In your reply, write out each entry exactly as given.

Content starts

(* Let $K,N,J\ge 1$ be integers with $N\le K$. Let $N_0>0$, and for $k=1,\dots,K$ let $h_k^{db}\in\mathbb{C}$ and $P_k'\ge 0$; set $\tilde N_k=N_0+|h_k^{db}|^2P_k'$ and $\bm{K}_{\tilde{\bm n}}=\mathrm{diag}\{\tilde N_1,\dots,\tilde N_K\}$. For $j=1,\dots,J$ let $h^{cb}_{j1},\dots,h^{cb}_{jK}\in\mathbb{C}\setminus\{0\}$ and $\bm H_j=\mathrm{diag}\{h^{cb}_{j1},\dots,h^{cb}_{jK}\}$; let $\bm M_{j1},\bm M_{j2}\in\mathbb{C}^{K\times N}$ and let $\bm A_{j1},\bm A_{j2}$ be $N\times N$ real diagonal matrices with nonnegative diagonal entries; set $$\bm K_{\bm x_j}=\bm M_{j1}\bm A_{j1}\bm M_{j1}^*+\bm M_{j2}\bm A_{j2}\bm M_{j2}^*,\qquad \bm H=(\bm H_1,\dots,\bm H_J),\qquad \bm K_{\bm x}=\mathrm{diag}\{\bm K_{\bm x_1},\dots,\bm K_{\bm x_J}\}$$ (block diagonal), and $\bm K_{\bm y}=\bm K_{\tilde{\bm n}}+\bm H\bm K_{\bm x}\bm H^*$. Define $$C_c=\log\det(\bm K_{\bm y})-\sum_{k=1}^K\log\tilde N_k,$$ and, writing $\lambda_K(\cdot)$ for the largest eigenvalue of a $K\times K$ Hermitian matrix, $$\tau_{K,j}=\lambda_K(\bm M_{j1}\bm A_{j1}\bm M_{j1}^* )+\lambda_K(\bm M_{j2}\bm A_{j2}\bm M_{j2}^* ).$$ Assume that $\bm K_{\tilde{\bm n}}$ and $\bm H\bm K_{\bm x}\bm H^*$ have no common eigenvector. Then $$C_c<\sum_{k=1}^{K}\log\left\{1+\frac{\sum_{j=1}^{J}\tau_{K,j}\cdot\max_{1\le k'\le K}|h^{cb}_{jk'}|^2}{N_0+|h_k^{db}|^2P_k'}\right\}.$$
   Context: This is the upper bound on the capacity of the cellular users in an uplink SCMA network coexisting with D2D pairs. The received signal is $\bm y=\sum_{j=1}^J\bm H_j\bm x_j+\tilde{\bm n}$, where $\bm x_j$ is the $K$-dimensional SCMA codeword of cellular user $j$ (zero-mean Gaussian with covariance $\bm K_{\bm x_j}$, obtained from an $N$-dimensional codeword via $\bm x_j=e^{i\theta_j}\bm V_j\bm M'\bm u_j$ with $\bm V_j\bm M'=(\bm M_{j1},\bm M_{j2})$ and $\bm u_j$ having covariance $\mathrm{diag}(\bm A_{j1},\bm A_{j2})$), and $\tilde{\bm n}\sim\mathcal{CN}(\bm 0,\bm K_{\tilde{\bm n}})$ is noise plus D2D interference; $C_c$ is the mutual information $I(\bm x;\bm y\mid\bm H)$ for Gaussian input. $\log$ denotes a logarithm to a fixed base greater than $1$. *)

theory Defs
  imports "HOL-Analysis.Analysis"
begin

Content ends

> [Written reply]
(* Let $K,N,J\ge 1$ be integers with $N\le K$. Let $N_0>0$, and for $k=1,\dots,K$ let $h_k^{db}\in\mathbb{C}$ and $P_k'\ge 0$; set $\tilde N_k=N_0+|h_k^{db}|^2P_k'$ and $\bm{K}_{\tilde{\bm n}}=\mathrm{diag}\{\tilde N_1,\dots,\tilde N_K\}$. For $j=1,\dots,J$ let $h^{cb}_{j1},\dots,h^{cb}_{jK}\in\mathbb{C}\setminus\{0\}$ and $\bm H_j=\mathrm{diag}\{h^{cb}_{j1},\dots,h^{cb}_{jK}\}$; let $\bm M_{j1},\bm M_{j2}\in\mathbb{C}^{K\times N}$ and let $\bm A_{j1},\bm A_{j2}$ be $N\times N$ real diagonal matrices with nonnegative diagonal entries; set $$\bm K_{\bm x_j}=\bm M_{j1}\bm A_{j1}\bm M_{j1}^*+\bm M_{j2}\bm A_{j2}\bm M_{j2}^*,\qquad \bm H=(\bm H_1,\dots,\bm H_J),\qquad \bm K_{\bm x}=\mathrm{diag}\{\bm K_{\bm x_1},\dots,\bm K_{\bm x_J}\}$$ (block diagonal), and $\bm K_{\bm y}=\bm K_{\tilde{\bm n}}+\bm H\bm K_{\bm x}\bm H^*$. Define $$C_c=\log\det(\bm K_{\bm y})-\sum_{k=1}^K\log\tilde N_k,$$ and, writing $\lambda_K(\cdot)$ for the largest eigenvalue of a $K\times K$ Hermitian matrix, $$\tau_{K,j}=\lambda_K(\bm M_{j1}\bm A_{j1}\bm M_{j1}^* )+\lambda_K(\bm M_{j2}\bm A_{j2}\bm M_{j2}^* ).$$ Assume that $\bm K_{\tilde{\bm n}}$ and $\bm H\bm K_{\bm x}\bm H^*$ have no common eigenvector. Then $$C_c<\sum_{k=1}^{K}\log\left\{1+\frac{\sum_{j=1}^{J}\tau_{K,j}\cdot\max_{1\le k'\le K}|h^{cb}_{jk'}|^2}{N_0+|h_k^{db}|^2P_k'}\right\}.$$
   Context: This is the upper bound on the capacity of the cellular users in an uplink SCMA network coexisting with D2D pairs. The received signal is $\bm y=\sum_{j=1}^J\bm H_j\bm x_j+\tilde{\bm n}$, where $\bm x_j$ is the $K$-dimensional SCMA codeword of cellular user $j$ (zero-mean Gaussian with covariance $\bm K_{\bm x_j}$, obtained from an $N$-dimensional codeword via $\bm x_j=e^{i\theta_j}\bm V_j\bm M'\bm u_j$ with $\bm V_j\bm M'=(\bm M_{j1},\bm M_{j2})$ and $\bm u_j$ having covariance $\mathrm{diag}(\bm A_{j1},\bm A_{j2})$), and $\tilde{\bm n}\sim\mathcal{CN}(\bm 0,\bm K_{\tilde{\bm n}})$ is noise plus D2D interference; $C_c$ is the mutual information $I(\bm x;\bm y\mid\bm H)$ for Gaussian input. $\log$ denotes a logarithm to a fixed base greater than $1$. *)

theory Defs
  imports "HOL-Analysis.Analysis"
begin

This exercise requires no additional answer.